Rage, pure and undiluted, supplants the fear. I yank my purse up from the ground, allowing the phone to be swallow deep within its depths, wrench open the cab door, and throw myself inside.

“Just drive,” I gasp to the driver, who gives me a concerned look in the rearview mirror. “Please. Just go.”

The cab pulls away from the curb, merging into the stream of morning traffic. I look back through the rain-streaked rear window. I can’t see the penthouse, but I can feel it. I can feel his eyes on me.

The ringing finally stops. I slump against the cracked vinyl of the backseat, my breath coming in ragged gusts. The cab smells like stale cigarette smoke and cheap air freshener. It’s the most comforting scent in the world right now. It smells real.
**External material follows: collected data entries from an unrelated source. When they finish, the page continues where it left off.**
(* Let $G$ be a finite group of order $n$ and $S\subseteq G$ with $gSg^{-1}=S$ for all $g$, $S$ generating $G$, $S=S^{-1}$, $1\notin S$; put $r=\#S$ and assume $\mathrm{Cay}(G,S)$ is not a cycle graph. Let $\ell$ be a prime and $\beta:S\to\mathbb{Z}_\ell$ satisfy: $\beta(gag^{-1})=\beta(a)$; the image of $\beta$ generates $\mathbb{Z}_\ell$; $\beta(s^{-1})=-\beta(s)$; the image of $\beta$ lies in $\mathbb{Z}$; and there exist $m>0$, $(h_1,\dots,h_m)\in S^m$ with $h_1\cdots h_m\in S$ and $\beta(h_1\cdots h_m)\not\equiv\sum_i\beta(h_i)\pmod\ell$. Let $\chi_1,\chi_2\in\mathrm{Irr}(G)$ be congruent characters, i.e. $\chi_1(g)\equiv\chi_2(g)\pmod{\varpi}$ for all $g\in G$, and suppose that $d:=\chi_1(1)=\chi_2(1)$ is prime to $\ell$. Then $\mu_{\chi_1}=0$ if and only if $\mu_{\chi_2}=0$, and if these conditions hold then $\lambda_{\chi_1}=\lambda_{\chi_2}$.
   Context: Fix $\bar{\mathbb{Q}}\hookrightarrow\bar{\mathbb{Q}}_\ell$ and a finite extension $\mathcal{K}/\mathbb{Q}_\ell$ containing all $n$-th roots of unity, with valuation ring $\mathcal{O}$ and uniformizer $\varpi$. $\mathrm{Irr}(G)$ is the set of irreducible characters $\chi:G\to\bar{\mathbb{Q}}_\ell$ (values in $\mathcal{O}$). For $\chi\in\mathrm{Irr}(G)$, $Q_\chi(T):=r\chi(1)-\sum_{t\in S}(1+T)^{\beta(t)}\chi(t)\in\mathcal{O}[[T]]$ (with $(1+T)^b$, $b\in\mathbb{Z}$, viewed in $\mathbb{Z}_\ell[[T]]$); writing $Q_\chi(T)=\varpi^{\mu}f(T)u(T)$ with $f\in\mathcal{O}[T]$ a distinguished polynomial and $u\in\mathcal{O}[[T]]^\times$, set $\mu_\chi:=\mu$ and $\lambda_\chi:=\deg f$. *)

theory Defs
  imports "HOL-Algebra.Group" "HOL-Algebra.Generated_Groups"
    "HOL-Computational_Algebra.Formal_Power_Series"
    "HOL-Computational_Algebra.Polynomial"
    "Jordan_Normal_Form.Matrix"
begin

definition cayley_adj :: "('a, 'b) monoid_scheme \<Rightarrow> 'a set \<Rightarrow> 'a \<Rightarrow> 'a \<Rightarrow> bool" where
  "cayley_adj G S x y \<longleftrightarrow> x \<in> carrier G \<and> y \<in> carrier G \<and> (\<exists>s\<in>S. y = x \<otimes>\<^bsub>G\<^esub> s)"

definition is_cycle_graph :: "'a set \<Rightarrow> ('a \<Rightarrow> 'a \<Rightarrow> bool) \<Rightarrow> bool" where
  "is_cycle_graph V E \<longleftrightarrow>
     (\<exists>vs. distinct vs \<and> set vs = V \<and> length vs \<ge> 3 \<and>
        (\<forall>x y. E x y \<longleftrightarrow>
           (\<exists>i<length vs. (x = vs ! i \<and> y = vs ! ((i + 1) mod length vs)) \<or>
                          (y = vs ! i \<and> x = vs ! ((i + 1) mod length vs)))))"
I survived. I escaped. The thought is so overwhelming I feel tears prickling at my eyes.

The journey back to my apartment is a slow, agonizing crawl through traffic.

With every block, Sapphire Heights grows smaller in the distance, and the crushing reality of my own life grows larger.

By the time the cab pulls up to my rundown building, the adrenaline has faded, leaving behind a profound, hollow exhaustion.

I pay the driver and get out, fumbling for my keys. My apartment, which had felt like a tomb just yesterday, now seems like the only sanctuary in the world. I just need to get inside, lock the door, and fall apart in private.

As I unlock my front door, a buzz vibrates from inside my purse. Feeling a sense of dread, I pull out my phone. A missed call from Jasper. And one new text message.

My heart hammers against my ribs. I don't want to read it. I don't want to know what he has to say. But another notification is right below it. A text from a number I haven’t seen in over a year, but a number I will never forget.

Marcus.

My ex-fiancé.

My finger hesitates, then I tap on Marcus’s message, a morbid curiosity I can’t explain.

Olivia, I heard what happened. It’s all over the legal blogs. I know you’re in trouble. I want you to know, I can help you. I can get you the best appeal lawyer, sort out the Bar investigation. Let’s put the past behind us. Just come back to me. We can fix this.

The words swim in front of my eyes. Fix this.

Come back to me. The sheer, condescending arrogance.

The opportunistic benevolence. To be the hero who swoops in and saves the poor, helpless little idealist who couldn’t hack it in the real world.

He wants me to crawl back to him, broken and grateful, so he can finally have the version of me he always wanted: the one who needs him.

Something inside me snaps.

A scream builds in my chest—a raw, primal sound of pure, undiluted fury. At Jasper’s manipulation. At Marcus’s pity. At my own fucking weakness and stupidity.

My arm cocks back, and I hurl my phone with all my strength. It flies across my small living room and smashes against the opposite wall with a sickening crack of plastic and glass. It clatters to the floor, the screen a spiderweb of shattered light, before finally going dark.

The silence that follows is absolute. I stand there in the middle of my room, my chest heaving, my arm still tingling from the force of the throw. My last link to the outside world, my only means of communication, is now a dead piece of junk on my floor.

The momentary release of the action fades instantly, replaced by a fresh wave of helpless despair. I just destroyed my own phone. Out of rage. Out of spite. It's the most childish, self-defeating thing I could have possibly done.

I slide down the wall, my legs giving out from under me. I bury my face in my hands, the rough fabric of my trousers scratching my skin.

And then, I let out a guttural, animal scream of pure, hopeless irritation, ripped from a place so deep inside me I didn’t know it existed.